Тогда на это оставалось хоть немного отпущенного времени и вместо этого мы его прожигали в пулю или преферанс на точках. Вместо этого ставили петли, ловили из подо льда ряпушку, резались в бильярд.. Но это при том, если еще не распогодилось. А чуть что, - за темную тучку в тундру или в горы.

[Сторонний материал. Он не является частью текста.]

lemma (in prob_space) nn_integral_indep_threshold_eq:
  fixes U :: "'a \<Rightarrow> ereal" and K :: "'a \<Rightarrow> nat"
  assumes indep: "indep_var borel U borel (\<lambda>\<omega>. ereal (real (K \<omega>)))"
    and K_le: "\<And>\<omega>. \<omega> \<in> space M \<Longrightarrow> K \<omega> \<le> m"
  shows "(\<integral>\<^sup>+\<omega>. ennreal (of_bool (U \<omega> \<le> ereal (real (K \<omega>) / real m)) / max 1 (real (K \<omega>))) \<partial>M)
    = (\<Sum>k\<le>m. ennreal (1 / max 1 (real k)) * emeasure M {\<omega>\<in>space M. K \<omega> = k}
        * emeasure M {\<omega>\<in>space M. U \<omega> \<le> ereal (real k / real m)})"
proof -
  define A where "A k = {\<omega>\<in>space M. U \<omega> \<le> ereal (real k / real m)}" for k
  define B where "B k = {\<omega>\<in>space M. K \<omega> = k}" for k
  have U: "U \<in> borel_measurable M" and K: "(\<lambda>\<omega>. ereal (real (K \<omega>))) \<in> borel_measurable M"
    using indep_var_rv1[OF indep] indep_var_rv2[OF indep] by simp_all
  have sets: "A k \<in> sets M" "B k \<in> sets M" for k
  proof -
    have "A k = U -` {..ereal (real k / real m)} \<inter> space M"
      "B k = (\<lambda>\<omega>. ereal (real (K \<omega>))) -` {ereal (real k)} \<inter> space M"
      by (auto simp: A_def B_def)
    then show "A k \<in> sets M" "B k \<in> sets M"
      using U K by (auto intro: measurable_sets)
  qed
  have indep_AB: "emeasure M (A k \<inter> B k) = emeasure M (B k) * emeasure M (A k)" for k
  proof -
    have "A k \<inter> B k
        = {\<omega>\<in>space M. U \<omega> \<in> {..ereal (real k / real m)} \<and> ereal (real (K \<omega>)) \<in> {ereal (real k)}}"
      "A k = {\<omega>\<in>space M. U \<omega> \<in> {..ereal (real k / real m)}}"
      "B k = {\<omega>\<in>space M. ereal (real (K \<omega>)) \<in> {ereal (real k)}}"
      by (auto simp: A_def B_def)
    then have "prob (A k \<inter> B k) = prob (A k) * prob (B k)"
      by (simp only:) (rule prob_indep_random_variable[OF indep]; simp)
    then show ?thesis
      by (simp add: emeasure_eq_measure ennreal_mult mult.commute)
  qed
  have integrand: "ennreal (of_bool (U \<omega> \<le> ereal (real (K \<omega>) / real m)) / max 1 (real (K \<omega>)))
      = (\<Sum>k\<le>m. ennreal (1 / max 1 (real k)) * indicator (A k \<inter> B k) \<omega>)" if "\<omega> \<in> space M" for \<omega>
  proof -
    have "(\<Sum>k\<le>m. ennreal (1 / max 1 (real k)) * indicator (A k \<inter> B k) \<omega>)
        = (\<Sum>k\<le>m. if k = K \<omega> then ennreal (1 / max 1 (real k)) * indicator (A k) \<omega> else 0)"
      using that by (intro sum.cong) (auto simp: B_def indicator_def)
    also have "\<dots> = ennreal (1 / max 1 (real (K \<omega>))) * indicator (A (K \<omega>)) \<omega>"
      using K_le[OF that] by simp
    finally show ?thesis
      using that by (simp add: A_def indicator_def)
  qed
  have "(\<integral>\<^sup>+\<omega>. ennreal (of_bool (U \<omega> \<le> ereal (real (K \<omega>) / real m)) / max 1 (real (K \<omega>))) \<partial>M)
      = (\<integral>\<^sup>+\<omega>. (\<Sum>k\<le>m. ennreal (1 / max 1 (real k)) * indicator (A k \<inter> B k) \<omega>) \<partial>M)"
    by (rule nn_integral_cong) (simp add: integrand)
  also have "\<dots> = (\<Sum>k\<le>m. ennreal (1 / max 1 (real k)) * emeasure M (A k \<inter> B k))"
    using sets by (subst nn_integral_sum) (auto intro!: sum.cong nn_integral_cmult_indicator)
  also have "\<dots> = (\<Sum>k\<le>m. ennreal (1 / max 1 (real k)) * emeasure M (B k) * emeasure M (A k))"
    by (simp add: indep_AB mult.assoc)
  finally show ?thesis
    by (simp only: A_def B_def)
qed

А именно в этот день успели и туда и сюда. Короткое лето за полярным кругом. И в эту пору нам нужно было забрать детишек за поселком Андрюшкино из под Сант Юряха и перебросить в интернат в поселок Черский.
 Как и положено на такое мероприятие выделялся старший преподаватель. И вот мы вместе с ним заходим на посадку на площадку на возвышенности, правильней на горе. Местность холмистая, а они, маленькие человечки, внизу держатся за ручки друг друга в пестрых осенних пальтишках. Жмутся один к другому. Волнуются. Хотя уже привыкли к гулу вертолета. Дети пастухов, геологов, рыбаков. Их родители в тундре, в горах, на протоках, реках, в море на промысле. А их надо учить, одевать, кормить. Иначе как же они после заменят своих постаревших предков за тракторами и буранами, в упряжках, на выделке шкур, на кораллах.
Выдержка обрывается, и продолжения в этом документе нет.